“An untabled faith is an unstable faith.”
~ Leonard Sweet, From Tablet to Table
Littlest came home late from a playdate at the neighbor’s house yesterday. She loves playing with her friend, but dissolved into a sea of tears when she arrived home to find us eating supper casually and in shifts at the kitchen counter.
“What’s the matter?” I brushed away a tangle of hair and tears.
“I didn’t get to set the table and now dinner is ruined!” She stomped her foot and I silently whispered a prayer that a seven-year old’s tantrum wouldn’t follow.
“It’s ok, sweetie. We are having yummy leftovers and a counter dinner tonight.” Our older kids love counter dinners. One coined the phrase for the nights we lean in against the kitchen island and eat whatever is left in the fridge warmed up in the microwave and served from the finest china — paper plates.
“IT’S SUNDAY! We have family dinners on Sundays and I get to set the table.” I hugged her tight and felt a huge wave of guilt. The day simply slipped away from me. It wasn’t until 5:45 pm that I looked up and realized there would be no Sunday supper.
It happens so easily. We get busy. Good things take up our time and energy and before we know it two days, then three, then more slip by without gathering at the family dinner table. Or maybe we sit down to eat, but there is no communion, no shared stories, no telling of the highs & lows from the day. Some nights even the prayer — where we invite Jesus to join us as host and guest — falls flat.
Yesterday at church in a Lenten series on idolatry, our pastor shared the bit about how our checkbook and our calendar reveals much about the condition of our hearts. I think we should add an examination of our dinner tables to this test.
We are a people hungry for table time
I’m re-reading From Tablet to Table by Leonard Sweet. For the third time. I’ve underlined and dog-eared the pages that hardly a page is left untouched. I read a lot and this book resonates deeply — after I got over the pride of wishing I had written the book, of course. I’m a card-carrying table girl. It’s why I write this blog, share recipes and stories of a messy faith lived out at the kitchen table and the turquoise table and the spaces in-between.
I believe Leonard Sweet’s statement is true:
There is one thing that would dramatically change the world we live in and help return us to our rootedness in Christ: Bring Back The Table!
When I lived in France, I was awestruck at the importance of the noonday meal. Two hours in the middle of the day were guarded, protected, and cherished. Banks closed. School children returned home. Stores turned window signs around reminding anyone left passing by on the street they were fermé jusqu’à 02h00, closed until two-o’clock.

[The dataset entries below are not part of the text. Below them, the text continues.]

lemma consecutive_refine:
  assumes S: "finite S" "a \<in> S" "b \<in> S" and "S \<subseteq> T" "T \<subseteq> {a..b}" and T: "consecutive T u v"
  obtains u' v' where "consecutive S u' v'" "u' \<le> u" "v \<le> v'"
proof -
  have "a \<le> u" "u < b"
    using T \<open>T \<subseteq> {a..b}\<close> unfolding consecutive_def by auto
  then obtain u' v' where uv': "consecutive S u' v'" "u' \<le> u" "u < v'"
    using consecutive_around_right[OF S] by blast
  have "v \<le> v'"
    using uv' T \<open>S \<subseteq> T\<close> unfolding consecutive_def by (metis disjoint_iff greaterThanLessThan_iff not_le subsetD)
  with uv' that show ?thesis by blast
qed

lemma affine_on_consecutive_refine:
  assumes S: "finite S" "a \<in> S" "b \<in> S" and "S \<subseteq> T" "T \<subseteq> {a..b}"
    and aff: "\<And>u v. consecutive S u v \<Longrightarrow> affine_on A {u..v} f" and "consecutive T u v"
  shows "affine_on A {u..v} f"
proof -
  obtain u' v' where "consecutive S u' v'" "u' \<le> u" "v \<le> v'"
    using consecutive_refine[OF assms(1-5) \<open>consecutive T u v\<close>] by blast
  then show ?thesis
    using aff affine_on_subset[of A "{u'..v'}" f "{u..v}"] by auto
qed
(* Let $n\ge0$ and $x,y,z\in Q_n$. Then $[x,y,z]=[z,y,x]$.
   Context: Cayley--Dickson loops: $Q_0=\{1,-1\}\subset\mathbb{R}$ with conjugation $x^*=x$. For $n\ge1$, $Q_n=\{(x,0),(x,1)\mid x\in Q_{n-1}\}$ with multiplication $(x,0)(y,0)=(xy,0)$, $(x,0)(y,1)=(yx,1)$, $(x,1)(y,0)=(xy^*,1)$, $(x,1)(y,1)=(-y^*x,0)$ and conjugation $(x,0)^*=(x^*,0)$, $(x,1)^*=(-x,1)$, where $-(x,a)=(-x,a)$. $Q_n$ is a loop with neutral element $1=(1,0,\dots,0)$; $-1=(-1,0,\dots,0)$ commutes and associates with all elements and $-x=(-1)x$. The associator $[x,y,z]$ is defined by $(xy)z=(x(yz))[x,y,z]$; it always lies in $\{1,-1\}$. *)

theory Defs
  imports Main
begin

text \<open>An element is a pair (s, bs) where
  s = True encodes the real sign -1 (s = False encodes +1), and bs is a list of bits.
  The element (x, a) of Q_n with x in Q_(n-1) and a in {0,1} is encoded by consing
  the bit a (True = 1) onto the bit list of x.\<close>

type_synonym cd = "bool \<times> bool list"

definition cd_one :: "nat \<Rightarrow> cd" where
  "cd_one n = (False, replicate n False)"

definition cd_neg :: "cd \<Rightarrow> cd" where
  "cd_neg x = (\<not> fst x, snd x)"

fun cd_conj :: "cd \<Rightarrow> cd" where
  "cd_conj (s, []) = (s, [])"
| "cd_conj (s, False # bs) = (let c = cd_conj (s, bs) in (fst c, False # snd c))"
| "cd_conj (s, True # bs) = (\<not> s, True # bs)"

lemma length_cd_conj [simp]: "length (snd (cd_conj x)) = length (snd x)"
  by (induction x rule: cd_conj.induct) (auto simp: Let_def)

function cd_mult :: "cd \<Rightarrow> cd \<Rightarrow> cd" where
  "cd_mult (s, []) (t, bs) = (s \<noteq> t, [])"
| "cd_mult (s, a # as) (t, []) = (s \<noteq> t, [])"
| "cd_mult (s, False # as) (t, False # bs) =
     (let p = cd_mult (s, as) (t, bs) in (fst p, False # snd p))"
| "cd_mult (s, False # as) (t, True # bs) =
     (let p = cd_mult (t, bs) (s, as) in (fst p, True # snd p))"
| "cd_mult (s, True # as) (t, False # bs) =
     (let p = cd_mult (s, as) (cd_conj (t, bs)) in (fst p, True # snd p))"
| "cd_mult (s, True # as) (t, True # bs) =
     (let p = cd_neg (cd_mult (cd_conj (t, bs)) (s, as)) in (fst p, False # snd p))"
  by pat_completeness auto
termination
  by (relation "measure (\<lambda>(x, y). length (snd x) + length (snd y))") auto

definition Q :: "nat \<Rightarrow> cd set" where
  "Q n = {x. length (snd x) = n}"

text \<open>The associator [x,y,z] in {1,-1}: (xy)z = (x(yz))[x,y,z].  Encoded as an
  integer 1 or -1 (multiplication by -1 is negation).\<close>
definition cd_assoc :: "cd \<Rightarrow> cd \<Rightarrow> cd \<Rightarrow> int" where
  "cd_assoc x y z =
     (if cd_mult (cd_mult x y) z = cd_mult x (cd_mult y z) then 1 else -1)"

end

theory Submission
  imports Defs
begin

text \<open>Conjugation is an anti-automorphism, (xy)* = y* x*, so conjugating both sides
  of (xy)z = x(yz) gives z*(y* x*) = (z* y*) x*, i.e. [x,y,z] = [z*,y*,x*].
  Since every conjugate x* is x or -x and -1 is central, conjugating all three arguments
  does not change the associator.\<close>

lemma cd_neg_pair [simp]: "cd_neg (s, bs) = (\<not> s, bs)"
  by (simp add: cd_neg_def)

lemma cd_neg_inject [simp]: "cd_neg x = cd_neg y \<longleftrightarrow> x = y"
  by (auto simp: cd_neg_def prod_eq_iff)

lemma snd_cd_conj [simp]: "snd (cd_conj x) = snd x"
  by (induction x rule: cd_conj.induct) (auto simp: Let_def)

lemma cd_conj_pair_collapse [simp]: "(fst (cd_conj (s, bs)), bs) = cd_conj (s, bs)"
  by (metis prod.collapse snd_cd_conj snd_conv)

lemma length_cd_mult [simp]: "length (snd (cd_mult x y)) = min (length (snd x)) (length (snd y))"
  by (induction x y rule: cd_mult.induct) (auto simp: Let_def cd_neg_def)

lemma cd_conj_neg_sign [simp]: "cd_conj (\<not> s, bs) = cd_neg (cd_conj (s, bs))"
proof (induction bs)
  case (Cons a bs)
  then show ?case
    by (cases a) (auto simp: Let_def cd_neg_def)
qed simp

lemma cd_conj_conj [simp]: "cd_conj (cd_conj x) = x"
proof (induction x rule: cd_conj.induct)
  case (2 s bs)
  then show ?case
    by (metis (no_types, lifting) cd_conj.simps(2) cd_conj_pair_collapse fst_conv)
qed simp_all

lemma cd_conj_inject: "cd_conj x = cd_conj y \<longleftrightarrow> x = y"
  by (metis cd_conj_conj)

lemma cd_conj_eq_self_or_neg: "cd_conj x = x \<or> cd_conj x = cd_neg x"
  by (induction x rule: cd_conj.induct) (auto simp: Let_def cd_neg_def)

lemma cd_mult_neg [simp]:
  "cd_mult (cd_neg x) y = cd_neg (cd_mult x y)"
  "cd_mult x (cd_neg y) = cd_neg (cd_mult x y)"
proof -
  have "cd_mult (cd_neg x) y = cd_neg (cd_mult x y) \<and> cd_mult x (cd_neg y) = cd_neg (cd_mult x y)"
    by (induction x y rule: cd_mult.induct) (auto simp: Let_def cd_neg_def)
  then show "cd_mult (cd_neg x) y = cd_neg (cd_mult x y)" "cd_mult x (cd_neg y) = cd_neg (cd_mult x y)"
    by blast+
qed

(* The forms that remain after cd_neg_pair has rewritten cd_neg on explicit pairs. *)
lemma cd_mult_neg_sign [simp]:
  "cd_mult (\<not> s, as) y = cd_neg (cd_mult (s, as) y)"
  "cd_mult x (\<not> t, bs) = cd_neg (cd_mult x (t, bs))"
  using cd_mult_neg[of "(s, as)" y] cd_mult_neg[of x "(t, bs)"] by simp_all

lemma cd_conj_neg [simp]: "cd_conj (cd_neg x) = cd_neg (cd_conj x)"
  by (cases x) simp

lemma cd_conj_mult:
  "length (snd x) = length (snd y) \<Longrightarrow> cd_conj (cd_mult x y) = cd_mult (cd_conj y) (cd_conj x)"
  by (induction x y rule: cd_mult.induct) (auto simp: Let_def cd_neg_def)

lemma cd_assoc_conj_rev:
  assumes "length (snd x) = length (snd y)" and "length (snd y) = length (snd z)"
  shows "cd_assoc x y z = cd_assoc (cd_conj z) (cd_conj y) (cd_conj x)"
proof -
  have "cd_mult (cd_mult x y) z = cd_mult x (cd_mult y z) \<longleftrightarrow>
        cd_conj (cd_mult (cd_mult x y) z) = cd_conj (cd_mult x (cd_mult y z))"
    by (simp add: cd_conj_inject)
  also have "\<dots> \<longleftrightarrow> cd_mult (cd_conj z) (cd_mult (cd_conj y) (cd_conj x)) =
                   cd_mult (cd_mult (cd_conj z) (cd_conj y)) (cd_conj x)"
    using assms by (simp add: cd_conj_mult)
  finally show ?thesis
    by (auto simp: cd_assoc_def)
qed

lemma cd_assoc_conj: "cd_assoc (cd_conj x) (cd_conj y) (cd_conj z) = cd_assoc x y z"
  using cd_conj_eq_self_or_neg[of x] cd_conj_eq_self_or_neg[of y] cd_conj_eq_self_or_neg[of z]
  by (auto simp: cd_assoc_def simp del: cd_neg_pair)

theorem mainTheorem2:
  fixes n :: nat and x y z :: cd
  assumes "x \<in> Q n" and "y \<in> Q n" and "z \<in> Q n"
  shows "cd_assoc x y z = cd_assoc z y x"
proof -
  have "length (snd x) = length (snd y)" "length (snd y) = length (snd z)"
    using assms by (simp_all add: Q_def)
  then have "cd_assoc x y z = cd_assoc (cd_conj z) (cd_conj y) (cd_conj x)"
    by (rule cd_assoc_conj_rev)
  then show ?thesis
    by (simp add: cd_assoc_conj)
qed

end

What was once a normal rhythm of life, at least in France, would be out-right counter cultural in our fast paced society where drive-thru meals are available on every corner. I don’t want a drive-thru faith. Where sermons are ingested on the run between sleep-overs and lacrosse games. And dinners are scarfed as a means to temporarily satiate a worldly hunger. And neighbors are waved at and waved on.

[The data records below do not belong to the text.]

theorem mainTheorem3:
  fixes \<eta> :: "real \<Rightarrow> real" and \<mu> :: "real measure"
  assumes eta_borel: "\<eta> \<in> borel_measurable borel"
    and eta_nz: "\<And>z. \<eta> z \<noteq> 0"
    and eta_loc: "\<And>a b. set_integrable lborel {a..b} (\<lambda>z. 1 / (\<eta> z)\<^sup>2)"
    and mu_prob: "prob_space \<mu>"
    and mu_sets: "sets \<mu> = sets borel"
    and mu_int: "integrable \<mu> (\<lambda>x. x)"
    and mu_centered: "(\<integral>x. x \<partial>\<mu>) = 0"
    and mu_nondirac: "\<mu> \<noteq> return borel 0"
    and y0: "\<exists>y0. \<forall>a>0. Gfun \<eta> \<mu> y0 a < \<infinity>"
  shows "\<forall>y. bij_betw (Gfun \<eta> \<mu> y) {0::real..} {x::ennreal. x < \<infinity>}"
proof -
  obtain Q H where gen: "bregman_generator Q H"
    and q: "\<And>y x. qfun \<eta> y x = ennreal (bregman Q H y x)"
    using qfun_bregman_representation[OF eta_borel eta_nz eta_loc] by blast
  have G: "Gfun \<eta> \<mu> y = bregman_avg Q H \<mu> y" for y
    by (simp add: fun_eq_iff Gfun_def bregman_avg_def q)
  obtain y0 where "\<forall>a>0. bregman_avg Q H \<mu> y0 a < \<infinity>"
    using y0 unfolding G by blast
  then show ?thesis
    unfolding G using bregman_generator.bregman_avg_bij[OF gen mu_prob mu_sets mu_int mu_nondirac]
    by blast
qed

end
(* Let $X=(X_1,\dots,X_p)\in\mathbb{R}^p$ satisfy $X\sim\mathcal{N}(0,\Sigma)$ with $\Sigma$ positive definite, and let $Y$ be a real random variable with $\mathbb{E}Y^2<\infty$, jointly distributed with $X$. Let $\beta^*=\arg\min_{w\in\mathbb{R}^p}\mathbb{E}[Y-X^\top w]^2=\Sigma^{-1}\mathbb{E}(XY)$, and for $j\in[p]$ let $\beta^{(j)}=\arg\min_{w\in\mathbb{R}^{p-1}}\mathbb{E}[Y-X_{-j}^\top w]^2$, where $X_{-j}\in\mathbb{R}^{p-1}$ is $X$ with its $j$-th coordinate removed and $\beta^*_{-j}\in\mathbb{R}^{p-1}$ is $\beta^*$ with its $j$-th entry removed. Define the population dropout and retraining variable importance estimates (with negative mean squared error as predictive skill, restricted to linear predictors) $$\widehat{\mathrm{VI}}^{(\mathrm{DR})}_j=\mathbb{E}[Y-X_{-j}^\top\beta^*_{-j}]^2-\mathbb{E}[Y-X^\top\beta^*]^2,\qquad \widehat{\mathrm{VI}}^{(\mathrm{RT})}_j=\mathbb{E}[Y-X_{-j}^\top\beta^{(j)}]^2-\mathbb{E}[Y-X^\top\beta^*]^2 .$$ Then $$\widehat{\mathrm{VI}}^{(\mathrm{DR})}_j-\widehat{\mathrm{VI}}^{(\mathrm{RT})}_j=\frac{\gamma_j^\top\Sigma_{(j)}^{-1}\gamma_j}{(\Sigma_{jj}-\gamma_j^\top\Sigma_{(j)}^{-1}\gamma_j)^2}\Big[\mathbb{E}(X_jY)-\gamma_j^\top\Sigma_{(j)}^{-1}\mathbb{E}(X_{-j}Y)\Big]^2,$$ where $\gamma_j=\mathbb{E}(X_jX_{-j})\in\mathbb{R}^{p-1}$ and $\Sigma_{(j)}=\mathbb{E}(X_{-j}X_{-j}^\top)\in\mathbb{R}^{(p-1)\times(p-1)}$ is $\Sigma$ with its $j$-th row and column removed.
   Context: The dropout method predicts $Y$ from $X_{-j}$ by plugging the full linear model with $X_j$ replaced by its mean $0$, i.e. uses $X_{-j}^\top\beta^*_{-j}$; the retraining method refits a linear model on $X_{-j}$, i.e. uses $X_{-j}^\top\beta^{(j)}$. *)

theory Defs
  imports "HOL-Probability.Probability" "Jordan_Normal_Form.Determinant"
    "Jordan_Normal_Form.Gauss_Jordan_Elimination"
begin

text \<open>Vectors in R^p are represented by functions on the index set {..<p}
  (random vector X: \<open>X \<omega> i\<close>, i < p).\<close>

definition pos_def_mat :: "nat \<Rightarrow> real mat \<Rightarrow> bool" where
  "pos_def_mat p S \<longleftrightarrow> S \<in> carrier_mat p p \<and> S\<^sup>T = S \<and>
     (\<forall>v \<in> carrier_vec p. v \<noteq> 0\<^sub>v p \<longrightarrow> v \<bullet> (S *\<^sub>v v) > 0)"

text \<open>X ~ N(0, S): every linear combination w^T X is centered normal with
  variance w^T S w (degenerate, i.e. a.s. 0, when that variance is 0).\<close>
definition centered_gaussian_vector ::
  "'a measure \<Rightarrow> nat \<Rightarrow> ('a \<Rightarrow> nat \<Rightarrow> real) \<Rightarrow> real mat \<Rightarrow> bool" where
  "centered_gaussian_vector M p X S \<longleftrightarrow>
     (\<forall>i<p. (\<lambda>\<omega>. X \<omega> i) \<in> borel_measurable M) \<and>
     (\<forall>w :: nat \<Rightarrow> real.
        let s = (\<Sum>i<p. \<Sum>k<p. w i * w k * S $$ (i, k)) in
        if s > 0 then distributed M lborel (\<lambda>\<omega>. \<Sum>i<p. w i * X \<omega> i) (normal_density 0 (sqrt s))
        else (AE \<omega> in M. (\<Sum>i<p. w i * X \<omega> i) = 0))"

definition lin_mse :: "'a measure \<Rightarrow> ('a \<Rightarrow> nat \<Rightarrow> real) \<Rightarrow> ('a \<Rightarrow> real) \<Rightarrow> nat set \<Rightarrow> (nat \<Rightarrow> real) \<Rightarrow> real" where
  "lin_mse M X Y I w = integral\<^sup>L M (\<lambda>\<omega>. (Y \<omega> - (\<Sum>i\<in>I. X \<omega> i * w i))\<^sup>2)"

text \<open>Index of the k-th remaining coordinate after removing coordinate j
  (same convention as mat_delete).\<close>
definition skip_idx :: "nat \<Rightarrow> nat \<Rightarrow> nat" where
  "skip_idx j k = (if k < j then k else Suc k)"

definition inv_mat :: "real mat \<Rightarrow> real mat" where
  "inv_mat A = the (mat_inverse A)"

end

theory Submission
  imports Defs
begin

So, I’ll make another meal. Provencal Beef Stew. And, live in the grace and truth that last night’s supper wasn’t ruined after all. For me or for Littlest. I reminded her another supper is coming soon, one that is glorious and will be the grandest of all feasts. A banquet like no other.

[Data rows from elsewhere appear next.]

(* Let $\alpha\ge-1$. For $g\in\mathcal{H}(\mathbb{D})$ and $0<r<1$ let $g_r(z)=g(rz)$. Then (i) $N_{\alpha,q}(g)\le\liminf_{r\to1}N_{\alpha,q}(g_r)$ for all $g\in\mathcal{H}(\mathbb{D})$ and $q>0$; (ii) for each $q\ge1$ there is a constant $C>0$ independent of $g$ such that $\sup_{0<r<1}N_{\alpha,q}(g_r)\le C\,N_{\alpha,q}(g)$ for all $g\in\mathcal{H}(\mathbb{D})$.
   Context: $\mathbb{D}$ unit disc, $\mathcal{H}(\mathbb{D})$ analytic functions, $dA$ normalized area measure, $\phi_a(z)=\frac{a-z}{1-\bar az}$. For $\psi:\mathbb{D}\to\mathbb{R}$, $|\nabla\psi|(z)=\limsup_{w\to z}|\psi(w)-\psi(z)|/|w-z|$. For $\alpha\ge-1$, $q>0$: $N_{\alpha,q}(g)^{2q}=\sup_{a\in\mathbb{D}}\int_{\mathbb{D}}(1-|\phi_a|^2)^{\alpha+2}|\nabla|g|^q|^2\,dA\in[0,\infty]$. *)

theory Defs
  imports "HOL-Analysis.Analysis"
begin

definition disc_auto :: "complex \<Rightarrow> complex \<Rightarrow> complex" where
  "disc_auto a z = (a - z) / (1 - cnj a * z)"

definition grad_norm :: "(complex \<Rightarrow> real) \<Rightarrow> complex \<Rightarrow> ennreal" where
  "grad_norm \<psi> z = Limsup (at z) (\<lambda>w. ennreal (\<bar>\<psi> w - \<psi> z\<bar> / cmod (w - z)))"

definition ennreal_powr :: "ennreal \<Rightarrow> real \<Rightarrow> ennreal" where
  "ennreal_powr x p = (if x = top then top else ennreal (enn2real x powr p))"

text \<open>N_{alpha,q}(g)^{2q} = sup_{a in D} int_D (1-|phi_a|^2)^{alpha+2} |nabla |g|^q|^2 dA,
  with dA = (1/pi) * Lebesgue area measure.\<close>
definition N_pow :: "real \<Rightarrow> real \<Rightarrow> (complex \<Rightarrow> complex) \<Rightarrow> ennreal" where
  "N_pow \<alpha> q g = (SUP a\<in>ball 0 1.
      \<integral>\<^sup>+ z. ennreal (1 / pi) * indicator (ball 0 1) z
          * ennreal ((1 - (cmod (disc_auto a z))\<^sup>2) powr (\<alpha> + 2))
          * (grad_norm (\<lambda>w. cmod (g w) powr q) z)\<^sup>2 \<partial>lborel)"

definition N_norm :: "real \<Rightarrow> real \<Rightarrow> (complex \<Rightarrow> complex) \<Rightarrow> ennreal" where
  "N_norm \<alpha> q g = ennreal_powr (N_pow \<alpha> q g) (1 / (2 * q))"

end

theory Submission
  imports Defs "HOL-Complex_Analysis.Riemann_Mapping"
begin

(*
  Substituting w = r z in the integral defining N(g_r) at the point a, the factor r^2 produced by
  the chain rule for |nabla| cancels the Jacobian, so that integral becomes the integral of
  |nabla |g|^q|^2 (w) against the weight (1 - |phi_a(w/r)|^2)^(alpha+2) over the disc of radius r.
  Schwarz-Pick for dilations, |phi_(ra)(rz)| <= |phi_a(z)|, bounds this weight by
  (1 - |phi_(ra)(w)|^2)^(alpha+2); hence N(g_r) <= N(g), which is (ii) with C = 1 (for all q > 0).
  As r -> 1 the weights converge pointwise, so (i) follows from Fatou's lemma.
*)

lemma norm_disc_auto_less_1:
  assumes "cmod a < 1" "cmod z < 1"
  shows "cmod (disc_auto a z) < 1"
proof -
  have "disc_auto a z = - Moebius_function 0 a z"
    by (simp add: disc_auto_def Moebius_function_simple minus_divide_left)
  then show ?thesis
    using Moebius_function_norm_lt_1[OF assms, of 0] by simp
qed

lemma norm_cnj_mult_less_1:
  assumes "cmod a < 1" "cmod z < 1"
  shows "cmod (cnj a * z) < 1"
proof -
  have "cmod a * cmod z \<le> cmod z"
    using assms by (intro mult_left_le_one_le) auto
  then show ?thesis
    using assms by (simp add: norm_mult)
qed

lemma norm_disc_auto_dilate_le:
  assumes "cmod a < 1" "cmod z < 1" "0 < r" "r \<le> 1"
  shows "cmod (disc_auto (of_real r * a) (of_real r * z)) \<le> cmod (disc_auto a z)"
proof -
  define u where "u = cnj a * z"
  have u: "cmod u < 1"
    unfolding u_def using assms(1,2) by (rule norm_cnj_mult_less_1)
  have denom: "r * cmod (1 - u) \<le> cmod (1 - of_real (r\<^sup>2) * u)"
  proof -
    obtain x y where xy: "u = Complex x y" by (cases u)
    have "x\<^sup>2 + y\<^sup>2 < 1"
      using u by (simp add: xy cmod_def)
    \<comment> \<open>|1 - r^2 u|^2 - r^2 |1 - u|^2 = (1 - r^2) (1 - r^2 |u|^2)\<close>
    then have "0 \<le> (1 - r\<^sup>2) * (1 - r\<^sup>2 * (x\<^sup>2 + y\<^sup>2))"
      using assms by (intro mult_nonneg_nonneg) (auto simp: power_le_one mult_le_one)
    then have "r\<^sup>2 * ((1 - x)\<^sup>2 + y\<^sup>2) \<le> (1 - r\<^sup>2 * x)\<^sup>2 + (r\<^sup>2 * y)\<^sup>2"
      by (simp add: algebra_simps power2_eq_square)
    then have "(r * cmod (1 - u))\<^sup>2 \<le> (cmod (1 - of_real (r\<^sup>2) * u))\<^sup>2"
      by (simp add: xy cmod_def power_mult_distrib)
    then show ?thesis
      using assms by (simp add: power2_le_iff_abs_le)
  qed
  have "u \<noteq> 1"
    using u by auto
  then have "0 < r * cmod (1 - u)"
    using assms by simp
  have "disc_auto (of_real r * a) (of_real r * z) = of_real r * (a - z) / (1 - of_real (r\<^sup>2) * u)"
    by (simp add: disc_auto_def u_def algebra_simps power2_eq_square)
  then have "cmod (disc_auto (of_real r * a) (of_real r * z)) = r * cmod (a - z) / cmod (1 - of_real (r\<^sup>2) * u)"
    using assms by (simp add: norm_divide norm_mult)
  also have "\<dots> \<le> r * cmod (a - z) / (r * cmod (1 - u))"
    using denom assms \<open>0 < r * cmod (1 - u)\<close> by (intro divide_left_mono mult_pos_pos) auto
  also have "\<dots> = cmod (disc_auto a z)"
    using assms by (simp add: disc_auto_def u_def norm_divide)
  finally show ?thesis .
qed

definition disc_weight :: "real \<Rightarrow> complex \<Rightarrow> complex \<Rightarrow> real" where
  "disc_weight \<alpha> a z = (1 - (cmod (disc_auto a z))\<^sup>2) powr (\<alpha> + 2)"

lemma disc_weight_measurable [measurable]: "disc_weight \<alpha> a \<in> borel_measurable borel"
  unfolding disc_weight_def[abs_def] disc_auto_def by measurable

lemma disc_weight_pos:
  assumes "cmod a < 1" "cmod z < 1"
  shows "0 < disc_weight \<alpha> a z"
proof -
  have "(cmod (disc_auto a z))\<^sup>2 < 1"
    using norm_disc_auto_less_1[OF assms] by (simp add: abs_square_less_1)
  then show ?thesis
    by (simp add: disc_weight_def)
qed

lemma disc_weight_dilate_le:
  assumes "\<alpha> \<ge> -2" "cmod a < 1" "cmod z < 1" "0 < r" "r \<le> 1"
  shows "disc_weight \<alpha> a z \<le> disc_weight \<alpha> (of_real r * a) (of_real r * z)"
  unfolding disc_weight_def
proof (rule powr_mono2)
  show "0 \<le> 1 - (cmod (disc_auto a z))\<^sup>2"
    using norm_disc_auto_less_1[OF assms(2,3)] by (simp add: abs_square_le_1)
  show "1 - (cmod (disc_auto a z))\<^sup>2 \<le> 1 - (cmod (disc_auto (of_real r * a) (of_real r * z)))\<^sup>2"
    using norm_disc_auto_dilate_le[OF assms(2-5)] by (simp add: power_mono)
qed (use assms in simp)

In the meantime, in this temporary time between garden and banquet we do our best. We make Sunday suppers for our families. And, invite our neighbors for coffee. And, show up for church when we are tempted to sleep in. And, this is where God meets us.
“I can’t wait for that big banquet, mommy. When will God have it?” my seven year old asks.
“It’s not for us to know the date or the time. But you have a place at the table,” I kissed her forehead and watched her savor a bite of Sunday supper.
- 1 tablespoons olive oil
- 10 - 12 garlic cloves, crushed
- 2 lbs stew meat, 2"-inch cubes
- ½ teaspoon salt
- ¼ teaspoon pepper
- 1 cup red wine
- 2 cups carrots, chopped
- 2 cups onion, chopped
- ½ cup beef broth
- 1 tablespoon tomato paste
- 1 tablespoon fresh rosemary, chopped
- 1 tablespoon fresh thyme, chopped
- 1 (15 oz) can diced tomatoes
- Pre-heat oven to 300 degrees.
- In a small dutch oven, heat oil. Add garlic and cook, stirring occasionally, for 5 minutes until golden brown. Remove garlic with slotted spoon and set aside.
- Add beef to pan and sprinkle with salt and pepper. Cook 5 minutes, browning on all sides. Remove beef from pan.
- Add wine to pan, bring to a boil and scrape browned bits. Add garlic, beef and remaining ingredients. Bring to a boil.
- Cover and bake at 300 for 2½ hours or until beef is tender.
- Serve with crunchy French bread or over wide noodles.